Why It Matters
The disruption of our day-to-day lives caused by the coronavirus provides an opportunity to reflect and to reconsider what we do, how we do it, and why we do it. Things we took for granted, like onsite coaching and mentoring at health facilities, became impossible. Furthermore, staff have had to work from home. This means that a lot of our routines were interrupted.
Our project in partnership with the Ministry of Health of Ethiopia supports the goal of a high-quality, equitable health system, in which providers want to work and people want to seek care. It uses a zonal scale-up approach mainly focused on improving maternal and newborn health. As part of this project, I support efforts to create a sustainable quality improvement (QI) cadre through the Ethiopian health system.

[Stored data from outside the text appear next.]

text \<open>When \<open>v\<close> has a unique left extension \<open>a\<close>, \<open>left_step L v\<close> is the window of length
  \<open>|v|\<close> one position to the left of \<open>v\<close> in any word of \<open>L\<close> containing \<open>a v\<close>.\<close>
definition left_step :: "'a list set \<Rightarrow> 'a list \<Rightarrow> 'a list" where
  "left_step L v = (SOME a. a # v \<in> L) # butlast v"

lemma left_step_eq:
  fixes L :: "'a::finite list set"
  assumes "\<not> l_special L v" "a # v \<in> L"
  shows "left_step L v = a # butlast v"
proof -
  have "(SOME a. a # v \<in> L) # v \<in> L" using assms(2) by (rule someI)
  with assms have "(SOME a. a # v \<in> L) = a" by (blast intro: not_l_special_unique)
  thus ?thesis unfolding left_step_def by simp
qed

lemma left_step_window:
  fixes L :: "'a::finite list set"
  assumes "factorial L" "Y \<in> L" "n \<ge> 1" "Suc k + n \<le> length Y"
    and "\<not> l_special L (window n Y (Suc k))"
  shows "left_step L (window n Y (Suc k)) = window n Y k"
proof -
  have drop_k: "drop k Y = Y ! k # drop (Suc k) Y"
    using assms(4) by (simp add: Cons_nth_drop_Suc)
  have "Y ! k # window n Y (Suc k) = window (Suc n) Y k" using drop_k by simp
  also have "\<dots> \<in> L" using window_in_factorial[OF assms(1,2)] assms(4) by simp
  finally have "left_step L (window n Y (Suc k)) = Y ! k # butlast (window n Y (Suc k))"
    using assms(5) by (rule left_step_eq[rotated])
  also have "\<dots> = window n Y k"
    using assms(3,4) drop_k by (cases n) (auto simp: butlast_take)
  finally show ?thesis .
qed

lemma left_step_funpow_window:
  fixes L :: "'a::finite list set"
  assumes "factorial L" "Y \<in> L" "n \<ge> 1" "q + d + n \<le> length Y"
    and "\<And>i. q < i \<Longrightarrow> i \<le> q + d \<Longrightarrow> \<not> l_special L (window n Y i)"
  shows "(left_step L ^^ d) (window n Y (q + d)) = window n Y q"
  using assms(4,5)
proof (induction d)
  case 0
  show ?case by simp
next
  case (Suc d)
  have "(left_step L ^^ Suc d) (window n Y (q + Suc d))
      = (left_step L ^^ d) (left_step L (window n Y (Suc (q + d))))"
    by (simp only: add_Suc_right funpow_Suc_right o_apply)
  also have "left_step L (window n Y (Suc (q + d))) = window n Y (q + d)"
    using Suc.prems by (intro left_step_window[OF assms(1-3)]) auto
  also have "(left_step L ^^ d) (window n Y (q + d)) = window n Y q"
    using Suc.prems by (intro Suc.IH) auto
  finally show ?case .
qed

lemma left_step_windows_cycle:
  fixes L :: "'a::finite list set"
  assumes L: "factorial L" and W: "W \<in> L" "t + n \<le> length W" and n: "n \<ge> 1"
    and st: "s \<le> t" "window n W s = window n W t"
    and not_special: "\<And>i. s \<le> i \<Longrightarrow> i \<le> t \<Longrightarrow> \<not> l_special L (window n W i)"
    and k: "s \<le> k" "k \<le> t"
  shows "(left_step L ^^ (t - s)) (window n W k) = window n W k"
proof -
  have walk_back: "(left_step L ^^ (j - i)) (window n W j) = window n W i"
    if "s \<le> i" "i \<le> j" "j \<le> t" for i j
    using left_step_funpow_window[OF L W(1) n, of i "j - i"] that W(2) not_special by simp
  have "t - s = (t - k) + (k - s)" using k by simp
  hence "(left_step L ^^ (t - s)) (window n W k)
      = (left_step L ^^ (t - k)) ((left_step L ^^ (k - s)) (window n W k))"
    by (simp only: funpow_add o_apply)
  also have "\<dots> = window n W k"
    using walk_back[of s k] walk_back[of k t] k st by simp
  finally show ?thesis .
qed
lemma
  fixes \<phi> :: "'n::finite \<Rightarrow> real \<Rightarrow> real" and c :: "real^'n"
  assumes "\<And>i. integrable lborel (\<lambda>u. (\<phi> i u)\<^sup>2)"
  shows integrable_separable_sq:
      "integrable lborel (\<lambda>y. (cmod (of_real (\<Prod>i\<in>UNIV. \<phi> i (y$i - c$i)) :: complex))\<^sup>2)"
    and L2_norm_sq_separable:
      "L2_norm_sq (\<lambda>y. of_real (\<Prod>i\<in>UNIV. \<phi> i (y$i - c$i))) = (\<Prod>i\<in>UNIV. \<integral>u. (\<phi> i u)\<^sup>2 \<partial>lborel)"
proof -
  have sq: "(cmod (of_real (\<Prod>i\<in>UNIV. \<phi> i (y$i - c$i)) :: complex))\<^sup>2 = (\<Prod>i\<in>UNIV. (\<phi> i (y$i - c$i))\<^sup>2)"
    for y :: "real^'n"
    by (simp add: prod_norm[symmetric] prod_power_distrib)
  have shifted: "integrable lborel (\<lambda>v. (\<phi> i (v - c$i))\<^sup>2)"
    and shifted_integral: "(\<integral>v. (\<phi> i (v - c$i))\<^sup>2 \<partial>lborel) = (\<integral>u. (\<phi> i u)\<^sup>2 \<partial>lborel)" for i
    using lborel_integrable_real_affine[OF assms[of i], of 1 "- c$i"]
      lborel_integral_real_affine[of 1 "\<lambda>u. (\<phi> i u)\<^sup>2" "- c$i"] by simp_all
  show "integrable lborel (\<lambda>y. (cmod (of_real (\<Prod>i\<in>UNIV. \<phi> i (y$i - c$i)) :: complex))\<^sup>2)"
    unfolding sq by (rule integrable_lborel_prod_vec[OF shifted])
  show "L2_norm_sq (\<lambda>y. of_real (\<Prod>i\<in>UNIV. \<phi> i (y$i - c$i))) = (\<Prod>i\<in>UNIV. \<integral>u. (\<phi> i u)\<^sup>2 \<partial>lborel)"
    unfolding L2_norm_sq_def sq integral_lborel_prod_vec[OF shifted] shifted_integral ..
qed

lemma separable_fourier_representation:
  fixes K :: "'n::finite \<Rightarrow> real \<Rightarrow> complex" and \<phi> :: "'n \<Rightarrow> real \<Rightarrow> real" and c y :: "real^'n"
  assumes K_measurable [measurable]: "\<And>i. K i \<in> borel_measurable borel"
    and K_bounded: "\<And>i v. v \<in> {-1/2..1/2} \<Longrightarrow> norm (K i v) \<le> 1"
    and K_transform: "\<And>i u. ((\<lambda>v. K i v * cis (2 * pi * u * v)) has_integral of_real (\<phi> i u)) {-1/2..1/2}"
  shows "(LINT w:unit_cube|lborel. (\<Prod>i\<in>UNIV. K i (w$i) * cis (- (2 * pi * w$i * c$i))) * cis (2 * pi * (w \<bullet> y)))
    = of_real (\<Prod>i\<in>UNIV. \<phi> i (y$i - c$i))"
proof -
  define h where "h i v = K i v * cis (2 * pi * (y$i - c$i) * v)" for i v
  have h_measurable: "h i \<in> borel_measurable borel" for i
    unfolding h_def by measurable
  have h_bounded: "norm (h i v) \<le> 1" if "v \<in> {-1/2..1/2}" for i v
    using K_bounded[OF that] by (simp add: h_def norm_mult)
  have h_transform: "(h i has_integral of_real (\<phi> i (y$i - c$i))) {-1/2..1/2}" for i
    unfolding h_def by (rule K_transform)
  have "(\<Prod>i\<in>UNIV. K i (w$i) * cis (- (2 * pi * w$i * c$i))) * cis (2 * pi * (w \<bullet> y))
      = (\<Prod>i\<in>UNIV. h i (w$i))" for w :: "real^'n"
    by (simp add: h_def inner_vec_def sum_distrib_left cis_conv_exp exp_sum
        prod.distrib[symmetric] exp_add[symmetric] algebra_simps)
  then have "(LINT w:unit_cube|lborel. (\<Prod>i\<in>UNIV. K i (w$i) * cis (- (2 * pi * w$i * c$i))) * cis (2 * pi * (w \<bullet> y)))
      = (LINT w:unit_cube|lborel. \<Prod>i\<in>UNIV. h i (w$i))"
    by simp
  also have "\<dots> = (\<Prod>i\<in>UNIV. LINT v:{-1/2..1/2}|lborel. h i v)"
    by (rule set_lebesgue_integral_unit_cube_prod[OF set_integrable_bounded_Icc[OF h_measurable h_bounded h_transform]])
  also have "\<dots> = (\<Prod>i\<in>UNIV. of_real (\<phi> i (y$i - c$i)))"
    using set_lebesgue_integral_has_integral_Icc[OF h_measurable h_bounded h_transform] by simp
  finally show ?thesis
    by simp
qed
lemma infdist_subdiff_plus_ind_prox_sol_le:
  fixes X :: "'a::euclidean_space set" and Y :: "'b::euclidean_space set"
  assumes "convex (X \<times> Y)" "closed (X \<times> Y)" "X \<times> Y \<noteq> {}"
    and "weakly_monotone_on \<rho> (X \<times> Y) F" "L-lipschitz_on (X \<times> Y) F" "0 \<le> \<rho>" "\<rho> < \<sigma>"
    and "\<forall>z\<in>X \<times> Y. F z \<in> frechet_subdiff (\<lambda>x. f x (snd z)) (fst z) \<times> frechet_subdiff (\<lambda>y. - f (fst z) y) (snd z)"
  shows "infdist 0 (subdiff_plus_ind X Y f (prox_sol F (X \<times> Y) \<sigma> w)) \<le> \<sigma> * norm (w - prox_sol F (X \<times> Y) \<sigma> w)"
proof -
  have svi: "svi_sol (\<lambda>z. F z + \<sigma> *\<^sub>R (z - w)) (X \<times> Y) (prox_sol F (X \<times> Y) \<sigma> w)"
    using svi_prox_sol[OF assms(1-7)] .
  then have "prox_sol F (X \<times> Y) \<sigma> w \<in> X \<times> Y" by (simp add: svi_sol_def)
  with svi show ?thesis
    using assms(6,7,8) by (intro infdist_subdiff_plus_ind_le) auto
qed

The challenges of the COVID-19 pandemic offered an opportunity to rethink our habits and routines and make systematic changes. In particular, the current crisis has forced us to rethink how we deal with coaching with multiple QI team members. We have worked with 137 woreda (provinces) and 669 health facilities in the last year, with 12 senior project officers located across the country — and we implemented virtual coaching for the first time to reach all trained QI coaches.
Results Achieved
We deployed both individual and group virtual coaching through phone and video calls, text messages, and social media during the pandemic. Coaching aims to improve the skills of woreda and zonal QI coaches. It includes data review and project document review. The duration of each session depends upon the predefined coaching topics and any concerns that need to be addressed. Challenges included infrastructure for internet connectivity, discipline for time management, and attitudes towards accepting virtual coaching as real coaching.
The team tested this approach in nine zones and utilized it to provide continuous QI coaching by senior project officers and zonal and woreda improvement coaches. Using virtual coaching, the team reached almost all health facilities. From April 6 to September 30, 2020, they supported 12 zonal coaches and 142 woreda coaches. They conducted a total of 1,488 virtual coaching sessions, including 1,247 voice calls, 186 conference calls, and 55 text messages. The average call duration informs us about the depth of discussions happening in each call.
Figure 1: Number of virtual coaching sessions conducted and average call duration from April 6–September 30, 2020
In turn, onsite woreda and zonal QI coaches provided in-person coaching locally. After a state of emergency, both in-person and onsite coaching continued, implementing standard precautions for COVID-19.
Virtual coaching helps us to sustain the gains of improvement activities that began before the first COVID-19 case was identified in Ethiopia in March 2020. Based on data collected from health facilities, 18 indicators from both the antenatal care bundle and the health management information system showed signals of improvement in different health facilities, which led to significant improvement in some indicators at woreda, zonal, regional, and national level.
Figure 2: ANC bundle aggregated from nine zones in five regions, July 2019–October 2020
Lessons Learned
Through this work, we have found:
- Virtual coaching is effective and efficient to build the capacities of coaches and facility QI teams.
- Appropriate infrastructure availability — such as internet connectivity — should be assessed before starting virtual coaching.
- Measuring the duration of coaching sessions creates an opportunity to assess the depth of coaching and the strength of interactions of coaches and QI team members.
Dr. Biniam, a regional quality improvement coach, said, “I couldn’t imagine how the improvement activities [would] proceed and sustain the gains from QI in this COVID-19 pandemic era without virtual coaching. It is simple enough to reach woreda and zonal coaches at the tip of your finger, without [spending] resources and time for travel.”
Nebiyou Wendwessen Hailemariam, MPH, is a Monitoring & Evaluation Advisor at IHI.